▶ Exercise instructions
Starting from the first line below, count every line holding the word "each", then state the total alone.

──────

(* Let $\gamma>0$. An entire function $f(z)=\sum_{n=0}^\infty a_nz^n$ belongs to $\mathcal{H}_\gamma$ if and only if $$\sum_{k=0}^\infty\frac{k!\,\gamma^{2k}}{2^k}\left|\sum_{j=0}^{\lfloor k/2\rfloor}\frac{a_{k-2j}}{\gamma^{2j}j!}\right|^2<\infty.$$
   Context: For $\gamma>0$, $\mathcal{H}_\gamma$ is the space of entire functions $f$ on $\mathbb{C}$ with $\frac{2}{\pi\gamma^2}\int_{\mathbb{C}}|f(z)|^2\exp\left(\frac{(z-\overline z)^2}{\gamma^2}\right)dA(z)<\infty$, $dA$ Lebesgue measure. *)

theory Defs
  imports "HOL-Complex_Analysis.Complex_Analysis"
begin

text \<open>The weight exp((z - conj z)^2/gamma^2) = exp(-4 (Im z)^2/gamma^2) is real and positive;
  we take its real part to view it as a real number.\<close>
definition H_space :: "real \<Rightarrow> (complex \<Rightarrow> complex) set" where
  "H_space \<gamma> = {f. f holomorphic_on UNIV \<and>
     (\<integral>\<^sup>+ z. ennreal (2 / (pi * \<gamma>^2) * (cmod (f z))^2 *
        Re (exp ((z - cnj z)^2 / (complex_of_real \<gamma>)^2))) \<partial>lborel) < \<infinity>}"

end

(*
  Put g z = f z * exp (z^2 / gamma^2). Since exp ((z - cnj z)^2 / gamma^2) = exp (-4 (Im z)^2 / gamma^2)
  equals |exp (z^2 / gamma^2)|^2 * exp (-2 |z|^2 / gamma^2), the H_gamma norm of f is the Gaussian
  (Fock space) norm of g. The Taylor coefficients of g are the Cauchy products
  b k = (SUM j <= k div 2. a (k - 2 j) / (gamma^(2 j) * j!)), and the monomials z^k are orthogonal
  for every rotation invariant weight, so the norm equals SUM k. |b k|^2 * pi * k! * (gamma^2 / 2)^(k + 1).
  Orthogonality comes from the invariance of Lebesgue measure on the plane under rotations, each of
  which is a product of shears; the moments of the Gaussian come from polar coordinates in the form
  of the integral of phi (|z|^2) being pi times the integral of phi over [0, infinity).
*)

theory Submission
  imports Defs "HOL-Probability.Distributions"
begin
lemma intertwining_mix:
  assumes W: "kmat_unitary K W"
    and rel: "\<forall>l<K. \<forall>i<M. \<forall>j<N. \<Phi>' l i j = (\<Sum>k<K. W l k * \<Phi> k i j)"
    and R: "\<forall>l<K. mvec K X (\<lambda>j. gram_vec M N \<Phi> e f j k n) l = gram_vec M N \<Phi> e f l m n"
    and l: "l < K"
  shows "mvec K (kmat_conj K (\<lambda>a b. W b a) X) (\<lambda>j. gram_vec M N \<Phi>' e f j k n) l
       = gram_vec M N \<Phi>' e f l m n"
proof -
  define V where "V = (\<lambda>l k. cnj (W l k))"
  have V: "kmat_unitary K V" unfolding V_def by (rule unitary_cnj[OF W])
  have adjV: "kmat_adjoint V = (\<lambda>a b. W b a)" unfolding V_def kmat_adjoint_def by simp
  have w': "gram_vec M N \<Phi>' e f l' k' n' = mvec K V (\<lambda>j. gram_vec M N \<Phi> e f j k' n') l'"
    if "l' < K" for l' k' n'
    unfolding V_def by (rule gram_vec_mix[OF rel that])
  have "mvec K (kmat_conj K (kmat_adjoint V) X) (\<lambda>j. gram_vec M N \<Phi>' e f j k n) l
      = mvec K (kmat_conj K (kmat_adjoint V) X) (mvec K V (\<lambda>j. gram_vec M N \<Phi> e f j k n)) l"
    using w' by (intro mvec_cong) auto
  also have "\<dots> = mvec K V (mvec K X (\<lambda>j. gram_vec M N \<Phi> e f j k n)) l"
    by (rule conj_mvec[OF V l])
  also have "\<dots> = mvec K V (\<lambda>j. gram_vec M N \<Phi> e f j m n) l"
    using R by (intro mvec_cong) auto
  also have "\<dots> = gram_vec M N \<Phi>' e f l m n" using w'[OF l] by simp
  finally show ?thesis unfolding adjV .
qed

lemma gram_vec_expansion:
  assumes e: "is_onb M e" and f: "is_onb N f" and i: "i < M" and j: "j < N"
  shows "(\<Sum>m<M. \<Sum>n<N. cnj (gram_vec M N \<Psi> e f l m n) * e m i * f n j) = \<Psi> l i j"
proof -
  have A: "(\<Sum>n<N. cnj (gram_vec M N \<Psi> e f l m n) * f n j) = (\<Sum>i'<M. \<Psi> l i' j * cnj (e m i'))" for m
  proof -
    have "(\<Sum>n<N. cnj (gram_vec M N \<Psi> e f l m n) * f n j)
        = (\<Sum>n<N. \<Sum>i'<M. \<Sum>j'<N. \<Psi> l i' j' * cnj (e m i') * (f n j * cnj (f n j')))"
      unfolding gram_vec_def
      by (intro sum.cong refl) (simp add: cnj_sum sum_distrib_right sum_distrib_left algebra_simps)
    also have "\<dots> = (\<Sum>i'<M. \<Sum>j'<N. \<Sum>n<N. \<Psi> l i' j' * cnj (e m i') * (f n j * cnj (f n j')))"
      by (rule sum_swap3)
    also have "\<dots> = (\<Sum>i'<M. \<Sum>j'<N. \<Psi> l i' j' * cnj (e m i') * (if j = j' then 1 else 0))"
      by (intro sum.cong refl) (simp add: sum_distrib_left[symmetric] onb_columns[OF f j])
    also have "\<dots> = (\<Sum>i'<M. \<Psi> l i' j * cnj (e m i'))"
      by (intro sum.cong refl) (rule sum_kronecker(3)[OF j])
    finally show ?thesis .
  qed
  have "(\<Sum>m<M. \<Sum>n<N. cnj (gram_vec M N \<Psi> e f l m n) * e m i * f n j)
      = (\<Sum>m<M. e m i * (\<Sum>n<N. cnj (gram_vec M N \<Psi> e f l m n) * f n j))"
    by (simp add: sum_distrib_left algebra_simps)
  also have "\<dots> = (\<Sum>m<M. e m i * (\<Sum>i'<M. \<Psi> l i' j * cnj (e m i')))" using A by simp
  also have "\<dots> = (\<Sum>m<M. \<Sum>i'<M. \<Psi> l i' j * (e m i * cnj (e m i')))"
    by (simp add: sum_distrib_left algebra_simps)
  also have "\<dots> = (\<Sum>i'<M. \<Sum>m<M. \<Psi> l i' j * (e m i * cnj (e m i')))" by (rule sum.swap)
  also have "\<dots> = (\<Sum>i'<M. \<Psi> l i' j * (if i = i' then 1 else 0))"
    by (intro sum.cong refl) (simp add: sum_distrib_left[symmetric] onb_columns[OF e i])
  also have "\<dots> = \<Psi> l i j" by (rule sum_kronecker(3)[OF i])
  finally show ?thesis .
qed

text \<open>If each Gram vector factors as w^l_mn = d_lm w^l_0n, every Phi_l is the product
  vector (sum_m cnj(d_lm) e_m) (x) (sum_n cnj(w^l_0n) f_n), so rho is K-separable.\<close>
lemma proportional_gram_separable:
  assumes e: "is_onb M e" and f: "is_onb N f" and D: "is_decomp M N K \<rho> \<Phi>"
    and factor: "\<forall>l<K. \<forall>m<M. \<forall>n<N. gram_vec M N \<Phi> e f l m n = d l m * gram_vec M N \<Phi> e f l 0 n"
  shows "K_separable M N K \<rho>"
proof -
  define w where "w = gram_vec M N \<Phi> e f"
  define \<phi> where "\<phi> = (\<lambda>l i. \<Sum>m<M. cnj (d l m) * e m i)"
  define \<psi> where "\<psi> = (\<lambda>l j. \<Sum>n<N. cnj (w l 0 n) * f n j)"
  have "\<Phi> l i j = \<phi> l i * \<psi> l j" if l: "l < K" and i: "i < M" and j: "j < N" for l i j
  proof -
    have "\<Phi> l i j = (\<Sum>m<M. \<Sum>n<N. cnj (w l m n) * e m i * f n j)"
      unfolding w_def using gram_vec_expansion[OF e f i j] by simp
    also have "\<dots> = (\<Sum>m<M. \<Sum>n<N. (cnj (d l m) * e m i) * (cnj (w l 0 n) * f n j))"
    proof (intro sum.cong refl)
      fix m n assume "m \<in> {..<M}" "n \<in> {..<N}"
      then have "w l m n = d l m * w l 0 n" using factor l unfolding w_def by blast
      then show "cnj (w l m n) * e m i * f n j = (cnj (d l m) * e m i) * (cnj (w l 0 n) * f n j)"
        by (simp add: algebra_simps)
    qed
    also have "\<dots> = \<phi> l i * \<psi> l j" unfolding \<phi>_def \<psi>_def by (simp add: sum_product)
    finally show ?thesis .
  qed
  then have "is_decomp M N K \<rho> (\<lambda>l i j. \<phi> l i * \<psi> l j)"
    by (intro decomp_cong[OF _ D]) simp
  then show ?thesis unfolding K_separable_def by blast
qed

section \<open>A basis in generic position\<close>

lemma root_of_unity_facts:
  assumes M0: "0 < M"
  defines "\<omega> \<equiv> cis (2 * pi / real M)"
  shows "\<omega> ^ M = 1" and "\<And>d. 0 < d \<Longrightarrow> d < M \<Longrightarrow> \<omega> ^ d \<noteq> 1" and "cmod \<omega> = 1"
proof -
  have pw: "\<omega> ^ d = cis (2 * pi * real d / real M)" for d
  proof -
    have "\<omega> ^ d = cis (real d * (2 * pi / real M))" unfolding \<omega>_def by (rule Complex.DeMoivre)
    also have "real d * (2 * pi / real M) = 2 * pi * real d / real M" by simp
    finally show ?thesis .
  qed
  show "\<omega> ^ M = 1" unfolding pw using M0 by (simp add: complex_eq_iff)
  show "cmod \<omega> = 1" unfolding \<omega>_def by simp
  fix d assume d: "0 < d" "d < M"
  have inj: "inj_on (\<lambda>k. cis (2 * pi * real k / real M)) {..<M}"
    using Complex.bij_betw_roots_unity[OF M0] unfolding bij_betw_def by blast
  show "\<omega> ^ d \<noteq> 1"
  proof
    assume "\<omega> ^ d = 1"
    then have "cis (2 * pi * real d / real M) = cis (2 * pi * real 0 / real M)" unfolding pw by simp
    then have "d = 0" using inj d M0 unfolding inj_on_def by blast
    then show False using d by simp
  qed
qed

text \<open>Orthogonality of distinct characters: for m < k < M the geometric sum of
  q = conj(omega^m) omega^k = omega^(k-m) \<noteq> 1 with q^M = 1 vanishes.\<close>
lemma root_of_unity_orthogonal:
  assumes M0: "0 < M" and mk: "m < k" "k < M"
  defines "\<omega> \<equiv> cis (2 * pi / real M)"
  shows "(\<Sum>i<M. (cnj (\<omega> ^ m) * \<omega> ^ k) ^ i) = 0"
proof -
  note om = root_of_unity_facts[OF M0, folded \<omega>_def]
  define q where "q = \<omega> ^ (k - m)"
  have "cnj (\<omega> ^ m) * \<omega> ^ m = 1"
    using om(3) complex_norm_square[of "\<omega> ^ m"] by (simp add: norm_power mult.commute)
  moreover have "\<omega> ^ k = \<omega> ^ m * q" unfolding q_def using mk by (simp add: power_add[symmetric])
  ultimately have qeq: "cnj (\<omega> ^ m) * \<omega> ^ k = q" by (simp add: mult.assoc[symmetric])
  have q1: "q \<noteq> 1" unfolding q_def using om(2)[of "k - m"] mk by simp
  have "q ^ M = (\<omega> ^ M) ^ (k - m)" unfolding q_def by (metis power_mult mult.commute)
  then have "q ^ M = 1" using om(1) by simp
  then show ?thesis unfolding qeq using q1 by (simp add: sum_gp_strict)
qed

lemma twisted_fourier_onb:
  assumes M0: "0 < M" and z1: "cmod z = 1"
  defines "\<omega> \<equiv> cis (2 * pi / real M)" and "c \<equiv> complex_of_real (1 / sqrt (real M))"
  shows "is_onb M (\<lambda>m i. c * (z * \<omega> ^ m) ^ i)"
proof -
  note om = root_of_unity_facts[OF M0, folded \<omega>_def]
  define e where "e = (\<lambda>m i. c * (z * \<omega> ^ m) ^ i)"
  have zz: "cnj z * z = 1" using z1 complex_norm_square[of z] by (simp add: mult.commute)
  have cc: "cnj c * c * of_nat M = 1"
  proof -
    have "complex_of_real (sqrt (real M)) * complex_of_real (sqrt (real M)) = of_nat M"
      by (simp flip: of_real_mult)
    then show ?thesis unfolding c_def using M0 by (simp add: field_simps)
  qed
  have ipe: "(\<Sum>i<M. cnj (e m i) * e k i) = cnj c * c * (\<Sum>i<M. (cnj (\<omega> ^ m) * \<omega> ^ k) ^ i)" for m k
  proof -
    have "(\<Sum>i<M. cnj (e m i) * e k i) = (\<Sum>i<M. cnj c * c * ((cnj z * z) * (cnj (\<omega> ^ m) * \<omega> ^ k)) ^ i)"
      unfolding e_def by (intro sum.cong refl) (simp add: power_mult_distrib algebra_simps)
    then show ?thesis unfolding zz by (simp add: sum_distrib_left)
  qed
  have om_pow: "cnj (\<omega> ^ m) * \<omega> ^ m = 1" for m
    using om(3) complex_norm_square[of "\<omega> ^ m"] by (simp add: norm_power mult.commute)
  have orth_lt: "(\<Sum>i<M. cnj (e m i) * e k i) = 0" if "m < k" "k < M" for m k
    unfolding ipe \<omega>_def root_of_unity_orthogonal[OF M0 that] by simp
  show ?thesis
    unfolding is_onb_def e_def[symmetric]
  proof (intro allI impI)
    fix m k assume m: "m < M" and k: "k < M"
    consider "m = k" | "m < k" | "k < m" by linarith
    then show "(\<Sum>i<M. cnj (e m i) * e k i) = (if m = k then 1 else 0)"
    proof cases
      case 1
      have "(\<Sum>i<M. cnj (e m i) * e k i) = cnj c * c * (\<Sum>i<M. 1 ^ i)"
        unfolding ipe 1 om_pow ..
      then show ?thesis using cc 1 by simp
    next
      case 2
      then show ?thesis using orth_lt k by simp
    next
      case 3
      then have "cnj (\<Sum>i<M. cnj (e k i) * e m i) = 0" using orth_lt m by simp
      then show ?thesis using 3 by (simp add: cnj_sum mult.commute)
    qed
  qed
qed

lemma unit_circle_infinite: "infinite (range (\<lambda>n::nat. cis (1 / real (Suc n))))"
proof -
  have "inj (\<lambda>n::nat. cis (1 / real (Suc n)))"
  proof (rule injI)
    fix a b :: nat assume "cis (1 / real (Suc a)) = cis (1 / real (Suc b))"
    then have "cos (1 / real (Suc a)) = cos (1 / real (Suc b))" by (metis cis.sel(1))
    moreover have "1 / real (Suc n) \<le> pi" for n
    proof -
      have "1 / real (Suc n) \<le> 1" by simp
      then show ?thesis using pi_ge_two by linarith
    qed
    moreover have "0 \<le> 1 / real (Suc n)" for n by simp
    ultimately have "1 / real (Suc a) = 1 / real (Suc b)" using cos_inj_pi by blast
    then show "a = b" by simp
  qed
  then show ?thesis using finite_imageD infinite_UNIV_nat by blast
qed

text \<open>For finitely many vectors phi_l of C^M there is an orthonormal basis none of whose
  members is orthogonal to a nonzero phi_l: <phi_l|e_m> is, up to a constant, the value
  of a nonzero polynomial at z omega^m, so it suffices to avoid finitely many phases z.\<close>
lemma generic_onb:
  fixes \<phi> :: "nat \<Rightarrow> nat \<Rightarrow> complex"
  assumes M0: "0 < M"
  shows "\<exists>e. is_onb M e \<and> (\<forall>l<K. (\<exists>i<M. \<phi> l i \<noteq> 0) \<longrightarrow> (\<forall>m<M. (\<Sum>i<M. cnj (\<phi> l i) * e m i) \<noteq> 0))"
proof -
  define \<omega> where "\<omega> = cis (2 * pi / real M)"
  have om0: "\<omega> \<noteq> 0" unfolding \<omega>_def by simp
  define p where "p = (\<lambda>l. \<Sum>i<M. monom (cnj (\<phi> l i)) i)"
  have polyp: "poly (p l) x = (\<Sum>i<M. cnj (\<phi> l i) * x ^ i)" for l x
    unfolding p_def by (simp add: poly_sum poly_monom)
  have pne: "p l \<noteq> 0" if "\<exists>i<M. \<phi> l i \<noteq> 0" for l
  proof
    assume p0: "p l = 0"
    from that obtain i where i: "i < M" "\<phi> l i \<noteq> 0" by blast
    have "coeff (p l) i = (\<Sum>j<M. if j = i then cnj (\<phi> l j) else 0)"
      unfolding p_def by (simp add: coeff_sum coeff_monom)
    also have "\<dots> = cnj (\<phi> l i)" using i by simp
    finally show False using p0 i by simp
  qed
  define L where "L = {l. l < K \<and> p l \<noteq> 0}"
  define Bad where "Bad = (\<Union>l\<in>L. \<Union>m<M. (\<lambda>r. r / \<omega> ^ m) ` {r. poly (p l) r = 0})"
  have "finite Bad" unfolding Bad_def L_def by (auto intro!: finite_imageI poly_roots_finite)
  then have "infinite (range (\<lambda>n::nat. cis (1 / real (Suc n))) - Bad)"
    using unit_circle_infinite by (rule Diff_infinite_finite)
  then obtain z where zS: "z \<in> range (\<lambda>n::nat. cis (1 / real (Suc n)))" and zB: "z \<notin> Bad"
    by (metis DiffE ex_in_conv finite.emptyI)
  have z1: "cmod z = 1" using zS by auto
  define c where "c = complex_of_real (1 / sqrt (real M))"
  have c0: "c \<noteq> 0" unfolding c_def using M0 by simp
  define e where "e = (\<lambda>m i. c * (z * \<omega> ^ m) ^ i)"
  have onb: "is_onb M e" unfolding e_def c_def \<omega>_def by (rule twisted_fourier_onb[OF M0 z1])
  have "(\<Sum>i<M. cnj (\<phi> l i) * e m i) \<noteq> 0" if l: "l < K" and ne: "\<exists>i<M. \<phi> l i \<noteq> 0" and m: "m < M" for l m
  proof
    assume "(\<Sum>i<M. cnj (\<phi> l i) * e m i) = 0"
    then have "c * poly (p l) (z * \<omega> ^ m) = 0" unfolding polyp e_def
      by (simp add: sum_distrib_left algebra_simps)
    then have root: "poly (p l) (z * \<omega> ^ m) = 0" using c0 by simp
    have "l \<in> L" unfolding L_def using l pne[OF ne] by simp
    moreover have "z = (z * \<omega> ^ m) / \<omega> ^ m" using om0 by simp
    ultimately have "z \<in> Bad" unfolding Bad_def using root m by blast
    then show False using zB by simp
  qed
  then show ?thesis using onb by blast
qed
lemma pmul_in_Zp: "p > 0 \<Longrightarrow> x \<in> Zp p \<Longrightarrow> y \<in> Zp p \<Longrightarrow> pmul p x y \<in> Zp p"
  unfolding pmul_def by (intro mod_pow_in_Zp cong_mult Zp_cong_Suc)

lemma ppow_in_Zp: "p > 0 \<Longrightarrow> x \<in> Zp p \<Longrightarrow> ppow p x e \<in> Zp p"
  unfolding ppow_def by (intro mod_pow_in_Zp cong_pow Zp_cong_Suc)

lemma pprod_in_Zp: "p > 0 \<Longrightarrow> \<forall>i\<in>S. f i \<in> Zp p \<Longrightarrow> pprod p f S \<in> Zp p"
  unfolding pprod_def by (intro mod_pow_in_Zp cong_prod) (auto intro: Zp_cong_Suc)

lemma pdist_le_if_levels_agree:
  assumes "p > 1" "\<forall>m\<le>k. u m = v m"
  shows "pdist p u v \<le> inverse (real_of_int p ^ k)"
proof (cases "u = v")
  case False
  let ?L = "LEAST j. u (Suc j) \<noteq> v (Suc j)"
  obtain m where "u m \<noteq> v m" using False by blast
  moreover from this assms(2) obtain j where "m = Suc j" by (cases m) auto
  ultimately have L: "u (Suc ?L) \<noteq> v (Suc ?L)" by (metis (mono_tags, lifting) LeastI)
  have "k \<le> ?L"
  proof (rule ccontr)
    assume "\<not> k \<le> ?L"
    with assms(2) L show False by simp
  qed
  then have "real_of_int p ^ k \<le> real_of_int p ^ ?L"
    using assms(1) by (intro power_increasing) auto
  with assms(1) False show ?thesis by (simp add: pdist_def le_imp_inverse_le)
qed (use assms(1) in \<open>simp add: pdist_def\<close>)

──────

▶ Answer area
2